Worse still is the fact that, upon leaving office, Senators and House members are now becoming lobbyists and using their friendships and contacts to make millions of dollars. There are at least four hundred or more who have done so in recent years. Few if any of the Senators with whom I served in the 1970s and 80s ever became lobbyists.

With its monumentally wrong-headed Citizens United decision, the U.S. Supreme Court has now sanctioned this corruption and eliminated any chance for control of campaign contributions.

We have created what came to be known in late 17th and 18th century England as a division between the Court and the Country. The Court is composed of networks of political office holders and insiders, their lobbying and finance contacts, the policy centers which they inhabit between administrations, the offices they rotate in and out of, and a deep sense of shared entitlement, power, preference, and prerogative. The Country is all the rest of us.
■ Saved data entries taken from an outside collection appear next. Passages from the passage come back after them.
(* Let $(M,d)$ be a bounded metric space such that the family $\mathcal{A}(M)$ of admissible subsets of $M$ is compact and has normal structure, and let $T: M\to M$ be a mapping which diminishes the radius of invariant admissible subsets of $M$. Then $T$ has a fixed point in $M$.
   Context: For $x\in M$ and $K\subseteq M$: $r_x(K)=\sup\{d(x,y):y\in K\}$, $r(K)=\inf\{r_x(K):x\in K\}$, $\delta(K)=\sup\{d(x,y):x,y\in K\}$. A bounded subset $K\subseteq M$ is admissible if it equals the intersection of all closed balls of $M$ containing it; $\mathcal{A}(M)$ denotes the family of admissible subsets. $\mathcal{A}(M)$ is compact if every descending chain of nonempty elements of $\mathcal{A}(M)$ has nonempty intersection. $\mathcal{A}(M)$ has normal structure if $r(K)<\delta(K)$ for every $K\in\mathcal{A}(M)$ with $\delta(K)>0$. $T$ diminishes the radius of invariant admissible subsets if for every $A\in\mathcal{A}(M)$ with $T(A)\subseteq A$, $r_{Tx}(T(A))\le r_x(A)$ for every $x\in M$. *)

theory Defs
  imports "HOL-Analysis.Analysis"
begin

definition rad_at :: "('a \<Rightarrow> 'a \<Rightarrow> real) \<Rightarrow> 'a \<Rightarrow> 'a set \<Rightarrow> real" where
  "rad_at d x K = Sup {d x y | y. y \<in> K}"

definition cheb_rad :: "('a \<Rightarrow> 'a \<Rightarrow> real) \<Rightarrow> 'a set \<Rightarrow> real" where
  "cheb_rad d K = Inf {rad_at d x K | x. x \<in> K}"

definition diam :: "('a \<Rightarrow> 'a \<Rightarrow> real) \<Rightarrow> 'a set \<Rightarrow> real" where
  "diam d K = Sup {d x y | x y. x \<in> K \<and> y \<in> K}"

definition admissible :: "'a set \<Rightarrow> ('a \<Rightarrow> 'a \<Rightarrow> real) \<Rightarrow> 'a set \<Rightarrow> bool" where
  "admissible M d K \<longleftrightarrow> Metric_space.mbounded M d K \<and>
     K = M \<inter> \<Inter> {Metric_space.mcball M d x r | x r. x \<in> M \<and> K \<subseteq> Metric_space.mcball M d x r}"

definition adm_compact :: "'a set \<Rightarrow> ('a \<Rightarrow> 'a \<Rightarrow> real) \<Rightarrow> bool" where
  "adm_compact M d \<longleftrightarrow>
     (\<forall>C. C \<noteq> {} \<and> (\<forall>K\<in>C. admissible M d K \<and> K \<noteq> {}) \<and>
          (\<forall>A\<in>C. \<forall>B\<in>C. A \<subseteq> B \<or> B \<subseteq> A) \<longrightarrow> \<Inter>C \<noteq> {})"

definition adm_normal :: "'a set \<Rightarrow> ('a \<Rightarrow> 'a \<Rightarrow> real) \<Rightarrow> bool" where
  "adm_normal M d \<longleftrightarrow>
     (\<forall>K. admissible M d K \<and> diam d K > 0 \<longrightarrow> cheb_rad d K < diam d K)"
It would be comical if it were not so tragic that the fashion of the day is to decry the evil of “Washington” by those already there and desperately seeking to stay in the middle of it.

The net affect of the money machine — lobbyists, fund raisers, and campaign consultants — is to severely narrow the field of those who can compete for office, especially national office. If the national presidency were to pass back and forth between two or three families in any Latin American nation we would call it an oligarchy.

But if those families can use carefully built political networks to raise a billion, or perhaps it is now multiple billions, of dollars to seek the presidency, what hope is there for the new voice, the fresh ideas, the innovative policies to address new 21st century realities?

If the corruption of our Republic by interests groups and their money, governance by a Court of rotating insiders, and fresh blood strangled from the political process is the ultimate product of a deck stacked against the Country, we are in for a precarious time in American history.

We will have created a political system and some form of government new in our history. But it will most surely not be the Republic of our Founders hopes and dreams.

Gary Hart, a former United States Senator, is the author of the The Republic of Conscience to be published July the 4th.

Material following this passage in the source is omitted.